In terms of which leader gave their opponent political ammunition for the remaining critical days of the campaign, Peter Dutton was definitely the winner.
He confirmed there would be significant budget cuts, but he would not say where they would fall. This has been standard opposition practice in this election. The Coalition has not taken voters into its confidence on how it will fund any of its major promises, from nuclear power to the $21 billion signature defence policy it unveiled on Wednesday.
In the debate Dutton said it wasn’t possible to “outline the budget from opposition”. “You work through with the central agencies, with Treasury and Finance, to identify where there are problems in the budget,” he said.
Dutton says his models are John Howard and former treasurer Peter Costello.
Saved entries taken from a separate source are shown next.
(* Let $r_I>r_0>0$, $v_1,v_2>0$, $w_V>0$ and $w_I$ be real numbers with $w_I\ge \frac{w_V v_2}{v_1+v_2}$. Let $n\ge 1$ be an integer and $l_1,\dots,l_{n-1}\ge 0$ be real numbers. Consider the optimization problem (P) described in the context. Then the optimal value of (P) is $$\left(\sum_{i=1}^{n}Y_i\right)^*=\frac{\sum_{i=1}^{n-1}\min\{l_i,2r_0\}+2r_0}{v_1+v_2}\,w_V .$$ Moreover, this optimal value is attained by the feasible point $$D_i^*=\frac{\min\{l_i,2r_I\}}{v_2}w_I,\quad Y_i^*=\frac{\min\{l_i,2r_0\}}{v_1+v_2}w_V\ (i=1,\dots,n-1),\qquad D_n^*=\frac{2r_I}{v_2}w_I,\quad Y_n^*=\frac{2r_0}{v_1+v_2}w_V .$$
   Context: Model: a vehicle of interest (VoI) moving at speed $v_1$ receives data from $n$ "helper" vehicles moving in the opposite direction at speed $v_2$; consecutive helpers are at distances $l_1,\dots,l_{n-1}$; helpers download from an infrastructure point of radio range $r_I$ at rate $w_I$, and deliver to the VoI over vehicle links of range $r_0$ at rate $w_V$. $D_i$ is the amount of data helper $i$ receives from the infrastructure and $Y_i$ the amount it delivers to the VoI. The optimization problem (P), over real variables $D_1,\dots,D_n,Y_1,\dots,Y_n$, is: maximize $\sum_{i=1}^n Y_i$ subject to (i) $0\le D_i\le \frac{2r_I}{v_2}w_I$ for $i=1,\dots,n$; (ii) $\sum_{i=k_1}^{k_2}D_i\le \frac{\sum_{i=k_1}^{k_2-1}\min\{l_i,2r_I\}+2r_I}{v_2}w_I$ for all $1\le k_1\le k_2\le n$; (iii) $0\le Y_i\le \frac{2r_0}{v_1+v_2}w_V$ for $i=1,\dots,n$; (iv) $Y_i\le D_i$ for $i=1,\dots,n$; (v) $\sum_{i=k_1}^{k_2}Y_i\le \frac{\sum_{i=k_1}^{k_2-1}\min\{l_i,2r_0\}+2r_0}{v_1+v_2}w_V$ for all $1\le k_1\le k_2\le n$. (Empty sums are zero.) *)

theory Defs
  imports Complex_Main
begin

text \<open>Feasibility for problem (P). Variables D, Y and distances l are indexed by
natural numbers; only indices 1..n (resp. 1..n-1 for l) are relevant.\<close>

definition feasibleP ::
  "nat \<Rightarrow> real \<Rightarrow> real \<Rightarrow> real \<Rightarrow> real \<Rightarrow> real \<Rightarrow> real \<Rightarrow> (nat \<Rightarrow> real)
   \<Rightarrow> (nat \<Rightarrow> real) \<Rightarrow> (nat \<Rightarrow> real) \<Rightarrow> bool" where
  "feasibleP n rI r0 v1 v2 wI wV l D Y \<longleftrightarrow>
     (\<forall>i\<in>{1..n}. 0 \<le> D i \<and> D i \<le> 2 * rI / v2 * wI) \<and>
     (\<forall>k1 k2. 1 \<le> k1 \<and> k1 \<le> k2 \<and> k2 \<le> n \<longrightarrow>
        (\<Sum>i=k1..k2. D i) \<le> ((\<Sum>i=k1..<k2. min (l i) (2 * rI)) + 2 * rI) / v2 * wI) \<and>
     (\<forall>i\<in>{1..n}. 0 \<le> Y i \<and> Y i \<le> 2 * r0 / (v1 + v2) * wV) \<and>
     (\<forall>i\<in>{1..n}. Y i \<le> D i) \<and>
     (\<forall>k1 k2. 1 \<le> k1 \<and> k1 \<le> k2 \<and> k2 \<le> n \<longrightarrow>
        (\<Sum>i=k1..k2. Y i) \<le> ((\<Sum>i=k1..<k2. min (l i) (2 * r0)) + 2 * r0) / (v1 + v2) * wV)"

definition optimal_valueP ::
  "nat \<Rightarrow> real \<Rightarrow> real \<Rightarrow> real \<Rightarrow> real \<Rightarrow> real \<Rightarrow> real \<Rightarrow> (nat \<Rightarrow> real) \<Rightarrow> real \<Rightarrow> bool" where
  "optimal_valueP n rI r0 v1 v2 wI wV l opt \<longleftrightarrow>
     (\<exists>D Y. feasibleP n rI r0 v1 v2 wI wV l D Y \<and> (\<Sum>i=1..n. Y i) = opt) \<and>
     (\<forall>D Y. feasibleP n rI r0 v1 v2 wI wV l D Y \<longrightarrow> (\<Sum>i=1..n. Y i) \<le> opt)"

end

theory Submission
  imports Defs
begin

text \<open>Constraint (v) for the full window 1..n already bounds the objective by the claimed
value, so it suffices to exhibit a feasible point attaining it. Both D* and Y* are scaled
copies of a capped profile: min (l i) c on the gaps i < n and c at the last helper. Any
window sum of such a profile is at most the window bound, with equality for the window
1..n, and Y* \<le> D* pointwise because r0 \<le> rI and wV/(v1 + v2) \<le> wI/v2.\<close>

definition capped_profile :: "nat \<Rightarrow> (nat \<Rightarrow> real) \<Rightarrow> real \<Rightarrow> nat \<Rightarrow> real" where
  "capped_profile n l c i = (if i < n then min (l i) c else c)"

lemma capped_profile_le: "capped_profile n l c i \<le> c"
  by (simp add: capped_profile_def)

lemma capped_profile_nonneg:
  assumes "0 \<le> c" "\<forall>i\<in>{1..<n}. 0 \<le> l i" "1 \<le> i"
  shows "0 \<le> capped_profile n l c i"
  using assms by (simp add: capped_profile_def)

lemma capped_profile_mono:
  assumes "c \<le> c'"
  shows "capped_profile n l c i \<le> capped_profile n l c' i"
  using assms by (auto simp: capped_profile_def)

lemma sum_capped_profile_le:
  assumes "k1 \<le> k2" "k2 \<le> n"
  shows "(\<Sum>i=k1..k2. capped_profile n l c i) \<le> (\<Sum>i=k1..<k2. min (l i) c) + c"
proof -
  have "(\<Sum>i=k1..<k2. capped_profile n l c i) = (\<Sum>i=k1..<k2. min (l i) c)"
    using assms(2) by (intro sum.cong) (auto simp: capped_profile_def)
  then show ?thesis
    using assms(1) capped_profile_le[of n l c k2] by (simp add: sum.last_plus)
qed

lemma sum_capped_profile_full:
  assumes "1 \<le> n"
  shows "(\<Sum>i=1..n. capped_profile n l c i) = (\<Sum>i=1..<n. min (l i) c) + c"
proof -
  have "(\<Sum>i=1..<n. capped_profile n l c i) = (\<Sum>i=1..<n. min (l i) c)"
    by (intro sum.cong) (auto simp: capped_profile_def)
  then show ?thesis
    using assms by (simp add: sum.last_plus capped_profile_def)
qed

lemma sum_scaled_capped_profile_le:
  fixes s w :: real
  assumes "k1 \<le> k2" "k2 \<le> n" "0 < s" "0 \<le> w"
  shows "(\<Sum>i=k1..k2. capped_profile n l c i / s * w) \<le> ((\<Sum>i=k1..<k2. min (l i) c) + c) / s * w"
proof -
  have "(\<Sum>i=k1..k2. capped_profile n l c i / s * w) = (\<Sum>i=k1..k2. capped_profile n l c i) / s * w"
    by (simp add: sum_divide_distrib sum_distrib_right)
  also have "\<dots> \<le> ((\<Sum>i=k1..<k2. min (l i) c) + c) / s * w"
    using sum_capped_profile_le[OF assms(1,2)] assms(3,4)
    by (intro mult_right_mono divide_right_mono) auto
  finally show ?thesis .
qed

lemma feasibleP_sum_le:
  assumes "feasibleP n rI r0 v1 v2 wI wV l D Y" "1 \<le> n"
  shows "(\<Sum>i=1..n. Y i) \<le> ((\<Sum>i=1..<n. min (l i) (2 * r0)) + 2 * r0) / (v1 + v2) * wV"
  using assms unfolding feasibleP_def by blast

lemma feasibleP_capped_profiles:
  assumes "0 \<le> r0" "r0 \<le> rI" "0 < v2" "0 < v1 + v2" "0 \<le> wV"
    and rates: "wV / (v1 + v2) \<le> wI / v2"
    and l_nonneg: "\<forall>i\<in>{1..<n}. 0 \<le> l i"
  shows "feasibleP n rI r0 v1 v2 wI wV l
           (\<lambda>i. capped_profile n l (2 * rI) i / v2 * wI)
           (\<lambda>i. capped_profile n l (2 * r0) i / (v1 + v2) * wV)"
proof -
  have "0 \<le> wI / v2"
    using rates assms(4,5) by (meson divide_nonneg_pos order_trans)
  then have "0 \<le> wI"
    using assms(3) by (simp add: zero_le_divide_iff)
  have Y_le_D: "capped_profile n l (2 * r0) i / (v1 + v2) * wV \<le> capped_profile n l (2 * rI) i / v2 * wI"
    if "1 \<le> i" for i
  proof -
    have "capped_profile n l (2 * r0) i / (v1 + v2) * wV = capped_profile n l (2 * r0) i * (wV / (v1 + v2))"
      by simp
    also have "\<dots> \<le> capped_profile n l (2 * rI) i * (wI / v2)"
      using capped_profile_mono[of "2 * r0" "2 * rI" n l i] capped_profile_nonneg[OF _ l_nonneg that]
        rates assms(1,2,4,5)
      by (intro mult_mono) auto
    finally show ?thesis by simp
  qed
  show ?thesis
    unfolding feasibleP_def
    using assms(1-5) \<open>0 \<le> wI\<close> Y_le_D capped_profile_nonneg[OF _ l_nonneg] capped_profile_le
      sum_scaled_capped_profile_le
    by (auto intro!: mult_right_mono divide_right_mono mult_nonneg_nonneg)
qed

theorem theorem2:
  fixes rI r0 v1 v2 wI wV :: real and n :: nat and l :: "nat \<Rightarrow> real"
  assumes "rI > r0" "r0 > 0" "v1 > 0" "v2 > 0" "wV > 0"
    and "wI \<ge> wV * v2 / (v1 + v2)"
    and "n \<ge> 1"
    and "\<forall>i\<in>{1..<n}. l i \<ge> 0"
  defines "Dopt \<equiv> (\<lambda>i. if i < n then min (l i) (2 * rI) / v2 * wI else 2 * rI / v2 * wI)"
    and "Yopt \<equiv> (\<lambda>i. if i < n then min (l i) (2 * r0) / (v1 + v2) * wV else 2 * r0 / (v1 + v2) * wV)"
  shows "optimal_valueP n rI r0 v1 v2 wI wV l
           (((\<Sum>i=1..<n. min (l i) (2 * r0)) + 2 * r0) / (v1 + v2) * wV) \<and>
         feasibleP n rI r0 v1 v2 wI wV l Dopt Yopt \<and>
         (\<Sum>i=1..n. Yopt i) = ((\<Sum>i=1..<n. min (l i) (2 * r0)) + 2 * r0) / (v1 + v2) * wV"
proof -
  have D: "Dopt = (\<lambda>i. capped_profile n l (2 * rI) i / v2 * wI)"
    and Y: "Yopt = (\<lambda>i. capped_profile n l (2 * r0) i / (v1 + v2) * wV)"
    by (simp_all add: Dopt_def Yopt_def capped_profile_def fun_eq_iff)
  have "wV / (v1 + v2) \<le> wI / v2"
    using assms(3-6) by (simp add: pos_le_divide_eq mult.commute)
  then have feasible: "feasibleP n rI r0 v1 v2 wI wV l Dopt Yopt"
    unfolding D Y using assms(1-5,8) by (intro feasibleP_capped_profiles) auto
  have attained: "(\<Sum>i=1..n. Yopt i) = ((\<Sum>i=1..<n. min (l i) (2 * r0)) + 2 * r0) / (v1 + v2) * wV"
    unfolding Y using sum_capped_profile_full[OF assms(7), of l "2 * r0"]
    by (simp add: sum_divide_distrib[symmetric] sum_distrib_right[symmetric])
  show ?thesis
    unfolding optimal_valueP_def using feasible attained feasibleP_sum_le assms(7) by blast
qed

end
He is obviously counting on few, if anyone, remembering that their first budget was a shocker, with sweeping cuts to education, social services and health. They even wanted to withhold unemployment benefits from people under 30.
Tony Abbott and his treasurer, Joe Hockey, tried to repeat similar swingeing cuts in their first budget, despite promises not to do so. The spectre of that 2014 budget is haunting the Liberals in this election. It explains why Dutton is giving no unequivocal promises on what he won’t cut – a lesson after Abbott gave false promises on the eve of the election.
The prime minister said Dutton’s refusal to say where his cuts would be made meant he was “not being fair dinkum”.
Some News Corp commentators believed Dutton’s attack on Albanese’s integrity during the debate was a knockout blow. He interjected that the prime minister “couldn’t lie straight in bed” and that Albanese’s claim that Dutton as health minister had “ripped” $50 billion out of health was unbelievable.
It is certainly arguable, given the budget documents at the time claimed these projected cuts as savings.
Albanese’s counterpunch highlighted Dutton’s reputation for aggression. He said, “You can go to personal abuse – that’s a sign of desperation, Peter, frankly.”
Labor strategists believe Dutton’s machismo plays badly with viewers and his attempt at assertiveness backfired.
The final leaders’ debate will be on Sunday night. Albanese is the only prime minister to agree to four. His thinking seems vindicated if the polls are a guide; the more voters see of the Liberal leader, the less impressed with him they are.
Vox pops of early voters indicate they have had enough, don’t want to hear more and have made up their minds.
We will find out in seven days what their verdict is.